AIM OF THE TASK: Across the entries below, work out how many lines contain "dots". Please give the number only.

----------

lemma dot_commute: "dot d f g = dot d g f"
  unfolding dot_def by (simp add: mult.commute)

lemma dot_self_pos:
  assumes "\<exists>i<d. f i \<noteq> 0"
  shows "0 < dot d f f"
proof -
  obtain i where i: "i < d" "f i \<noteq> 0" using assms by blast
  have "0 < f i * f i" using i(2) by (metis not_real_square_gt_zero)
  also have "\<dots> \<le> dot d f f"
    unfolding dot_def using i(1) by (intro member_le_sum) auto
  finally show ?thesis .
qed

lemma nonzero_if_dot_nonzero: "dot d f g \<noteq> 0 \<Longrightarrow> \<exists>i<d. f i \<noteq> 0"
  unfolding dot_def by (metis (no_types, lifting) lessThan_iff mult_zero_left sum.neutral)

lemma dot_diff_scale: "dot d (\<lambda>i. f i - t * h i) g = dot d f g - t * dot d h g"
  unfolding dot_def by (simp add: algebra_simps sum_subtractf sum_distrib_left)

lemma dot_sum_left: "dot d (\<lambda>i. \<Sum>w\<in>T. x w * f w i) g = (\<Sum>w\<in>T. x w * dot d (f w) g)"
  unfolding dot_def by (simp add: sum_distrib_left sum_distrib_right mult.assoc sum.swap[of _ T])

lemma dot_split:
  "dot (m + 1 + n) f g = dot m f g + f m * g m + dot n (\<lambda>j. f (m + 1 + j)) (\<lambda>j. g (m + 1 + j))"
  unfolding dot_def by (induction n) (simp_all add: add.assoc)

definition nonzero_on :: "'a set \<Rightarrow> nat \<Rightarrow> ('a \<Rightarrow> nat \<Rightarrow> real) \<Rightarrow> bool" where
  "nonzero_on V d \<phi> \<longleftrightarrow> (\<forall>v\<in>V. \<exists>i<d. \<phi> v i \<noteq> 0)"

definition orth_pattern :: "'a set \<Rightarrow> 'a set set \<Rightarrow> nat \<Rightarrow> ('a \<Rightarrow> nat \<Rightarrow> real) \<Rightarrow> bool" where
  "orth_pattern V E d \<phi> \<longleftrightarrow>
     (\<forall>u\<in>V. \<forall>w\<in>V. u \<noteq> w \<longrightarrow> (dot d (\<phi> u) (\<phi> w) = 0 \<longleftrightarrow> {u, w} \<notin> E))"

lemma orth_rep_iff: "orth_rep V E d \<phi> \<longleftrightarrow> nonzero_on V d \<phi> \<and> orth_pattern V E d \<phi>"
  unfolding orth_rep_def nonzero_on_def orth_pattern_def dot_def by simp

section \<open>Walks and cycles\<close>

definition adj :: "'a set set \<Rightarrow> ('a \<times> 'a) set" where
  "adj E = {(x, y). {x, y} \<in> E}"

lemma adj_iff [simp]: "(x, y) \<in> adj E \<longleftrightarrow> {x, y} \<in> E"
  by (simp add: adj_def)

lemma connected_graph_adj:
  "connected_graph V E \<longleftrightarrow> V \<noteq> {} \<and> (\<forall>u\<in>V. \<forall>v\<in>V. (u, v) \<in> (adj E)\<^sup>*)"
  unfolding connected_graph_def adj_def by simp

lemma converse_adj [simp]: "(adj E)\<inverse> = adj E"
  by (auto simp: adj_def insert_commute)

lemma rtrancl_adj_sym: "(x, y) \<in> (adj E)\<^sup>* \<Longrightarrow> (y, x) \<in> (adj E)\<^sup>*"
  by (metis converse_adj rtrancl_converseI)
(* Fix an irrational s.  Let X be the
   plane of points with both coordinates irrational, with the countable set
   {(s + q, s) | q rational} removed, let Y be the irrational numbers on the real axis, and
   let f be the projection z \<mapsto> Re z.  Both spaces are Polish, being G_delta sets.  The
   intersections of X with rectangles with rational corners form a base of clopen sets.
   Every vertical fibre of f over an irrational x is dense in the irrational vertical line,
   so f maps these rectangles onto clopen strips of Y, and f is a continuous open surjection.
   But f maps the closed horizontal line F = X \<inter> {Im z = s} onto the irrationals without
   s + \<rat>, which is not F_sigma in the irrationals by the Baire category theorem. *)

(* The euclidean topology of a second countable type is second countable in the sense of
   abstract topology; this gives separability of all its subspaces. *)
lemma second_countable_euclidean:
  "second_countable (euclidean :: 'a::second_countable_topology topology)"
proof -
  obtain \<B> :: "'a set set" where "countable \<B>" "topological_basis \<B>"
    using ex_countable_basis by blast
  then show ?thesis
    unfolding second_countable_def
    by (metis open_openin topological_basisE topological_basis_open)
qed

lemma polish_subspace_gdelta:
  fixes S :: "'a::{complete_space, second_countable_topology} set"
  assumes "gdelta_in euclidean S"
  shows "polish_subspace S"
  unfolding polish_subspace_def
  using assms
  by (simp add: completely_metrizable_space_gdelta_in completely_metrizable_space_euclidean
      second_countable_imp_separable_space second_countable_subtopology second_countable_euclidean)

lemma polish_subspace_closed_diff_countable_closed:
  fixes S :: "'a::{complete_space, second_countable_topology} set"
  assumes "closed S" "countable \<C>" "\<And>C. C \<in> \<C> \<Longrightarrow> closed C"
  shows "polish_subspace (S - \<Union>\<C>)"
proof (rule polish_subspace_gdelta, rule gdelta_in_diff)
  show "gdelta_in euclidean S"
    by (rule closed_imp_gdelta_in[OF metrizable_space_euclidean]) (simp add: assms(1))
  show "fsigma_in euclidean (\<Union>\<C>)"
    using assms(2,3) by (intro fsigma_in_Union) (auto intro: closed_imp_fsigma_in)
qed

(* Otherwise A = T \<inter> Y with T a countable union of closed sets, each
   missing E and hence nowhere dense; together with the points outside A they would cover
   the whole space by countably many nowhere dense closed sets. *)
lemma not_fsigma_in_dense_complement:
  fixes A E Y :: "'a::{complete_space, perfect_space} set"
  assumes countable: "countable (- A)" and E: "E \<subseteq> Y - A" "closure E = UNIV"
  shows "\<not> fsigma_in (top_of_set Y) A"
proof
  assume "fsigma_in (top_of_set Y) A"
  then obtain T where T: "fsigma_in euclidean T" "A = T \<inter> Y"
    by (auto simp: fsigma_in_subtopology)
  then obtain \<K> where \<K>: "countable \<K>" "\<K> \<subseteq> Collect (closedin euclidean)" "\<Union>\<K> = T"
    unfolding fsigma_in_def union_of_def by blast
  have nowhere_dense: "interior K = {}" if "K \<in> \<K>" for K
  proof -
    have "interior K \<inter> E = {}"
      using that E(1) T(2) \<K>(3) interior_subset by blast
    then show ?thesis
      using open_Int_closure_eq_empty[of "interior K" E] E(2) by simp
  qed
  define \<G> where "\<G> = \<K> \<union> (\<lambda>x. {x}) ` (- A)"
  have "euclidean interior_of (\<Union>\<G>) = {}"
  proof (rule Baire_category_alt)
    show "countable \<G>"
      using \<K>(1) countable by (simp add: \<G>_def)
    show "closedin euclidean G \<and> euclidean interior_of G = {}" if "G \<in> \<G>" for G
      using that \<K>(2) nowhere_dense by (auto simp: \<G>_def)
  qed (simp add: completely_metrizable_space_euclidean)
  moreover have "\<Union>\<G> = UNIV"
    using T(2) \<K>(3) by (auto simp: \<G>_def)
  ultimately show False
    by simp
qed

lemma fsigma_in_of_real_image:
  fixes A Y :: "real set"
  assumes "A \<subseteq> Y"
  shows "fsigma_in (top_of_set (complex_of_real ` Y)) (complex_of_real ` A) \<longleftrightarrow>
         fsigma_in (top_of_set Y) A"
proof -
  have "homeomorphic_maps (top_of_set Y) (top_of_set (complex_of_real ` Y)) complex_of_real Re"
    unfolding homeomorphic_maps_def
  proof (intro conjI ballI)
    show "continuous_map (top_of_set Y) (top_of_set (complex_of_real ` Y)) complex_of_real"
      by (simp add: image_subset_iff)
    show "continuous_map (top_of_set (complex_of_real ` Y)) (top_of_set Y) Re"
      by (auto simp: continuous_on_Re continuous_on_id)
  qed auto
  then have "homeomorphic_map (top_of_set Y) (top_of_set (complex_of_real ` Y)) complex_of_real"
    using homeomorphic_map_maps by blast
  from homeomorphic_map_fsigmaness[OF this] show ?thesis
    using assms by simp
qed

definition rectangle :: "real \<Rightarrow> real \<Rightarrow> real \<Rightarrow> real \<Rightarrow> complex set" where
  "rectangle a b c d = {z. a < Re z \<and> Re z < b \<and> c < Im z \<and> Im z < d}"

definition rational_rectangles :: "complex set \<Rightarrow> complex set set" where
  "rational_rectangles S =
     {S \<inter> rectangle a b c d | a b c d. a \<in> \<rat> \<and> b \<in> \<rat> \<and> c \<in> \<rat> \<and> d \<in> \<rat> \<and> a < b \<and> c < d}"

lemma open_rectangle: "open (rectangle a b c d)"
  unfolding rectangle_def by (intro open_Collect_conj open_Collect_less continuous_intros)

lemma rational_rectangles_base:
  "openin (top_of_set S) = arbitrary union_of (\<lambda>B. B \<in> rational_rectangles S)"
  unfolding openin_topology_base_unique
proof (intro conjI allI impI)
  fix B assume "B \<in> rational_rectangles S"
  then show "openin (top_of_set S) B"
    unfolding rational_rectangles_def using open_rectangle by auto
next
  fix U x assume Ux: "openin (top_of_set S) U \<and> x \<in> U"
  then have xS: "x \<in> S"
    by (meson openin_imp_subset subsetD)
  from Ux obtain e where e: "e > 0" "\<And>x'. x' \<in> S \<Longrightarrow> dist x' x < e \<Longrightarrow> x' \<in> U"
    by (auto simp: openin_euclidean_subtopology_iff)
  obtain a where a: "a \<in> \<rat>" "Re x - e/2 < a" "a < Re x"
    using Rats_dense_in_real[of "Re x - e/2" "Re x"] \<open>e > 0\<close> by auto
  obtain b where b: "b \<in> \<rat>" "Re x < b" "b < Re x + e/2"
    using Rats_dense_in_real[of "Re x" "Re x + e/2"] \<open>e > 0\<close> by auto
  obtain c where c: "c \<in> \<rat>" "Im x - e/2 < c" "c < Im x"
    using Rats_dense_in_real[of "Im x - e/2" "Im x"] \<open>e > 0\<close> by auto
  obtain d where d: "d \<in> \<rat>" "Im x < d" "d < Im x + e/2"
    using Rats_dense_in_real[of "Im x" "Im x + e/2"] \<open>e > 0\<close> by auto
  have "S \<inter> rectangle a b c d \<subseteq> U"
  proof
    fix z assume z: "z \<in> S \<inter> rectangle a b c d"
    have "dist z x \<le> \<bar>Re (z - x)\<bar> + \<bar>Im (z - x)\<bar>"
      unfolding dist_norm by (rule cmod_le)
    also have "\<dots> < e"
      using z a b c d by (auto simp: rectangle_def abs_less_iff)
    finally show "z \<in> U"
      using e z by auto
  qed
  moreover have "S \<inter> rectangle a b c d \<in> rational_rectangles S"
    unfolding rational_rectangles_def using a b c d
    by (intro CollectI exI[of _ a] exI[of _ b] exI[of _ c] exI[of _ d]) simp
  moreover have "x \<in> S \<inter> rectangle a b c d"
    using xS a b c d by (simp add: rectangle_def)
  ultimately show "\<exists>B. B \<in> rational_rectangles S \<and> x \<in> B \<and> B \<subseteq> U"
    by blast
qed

----------

FINAL ANSWER: 2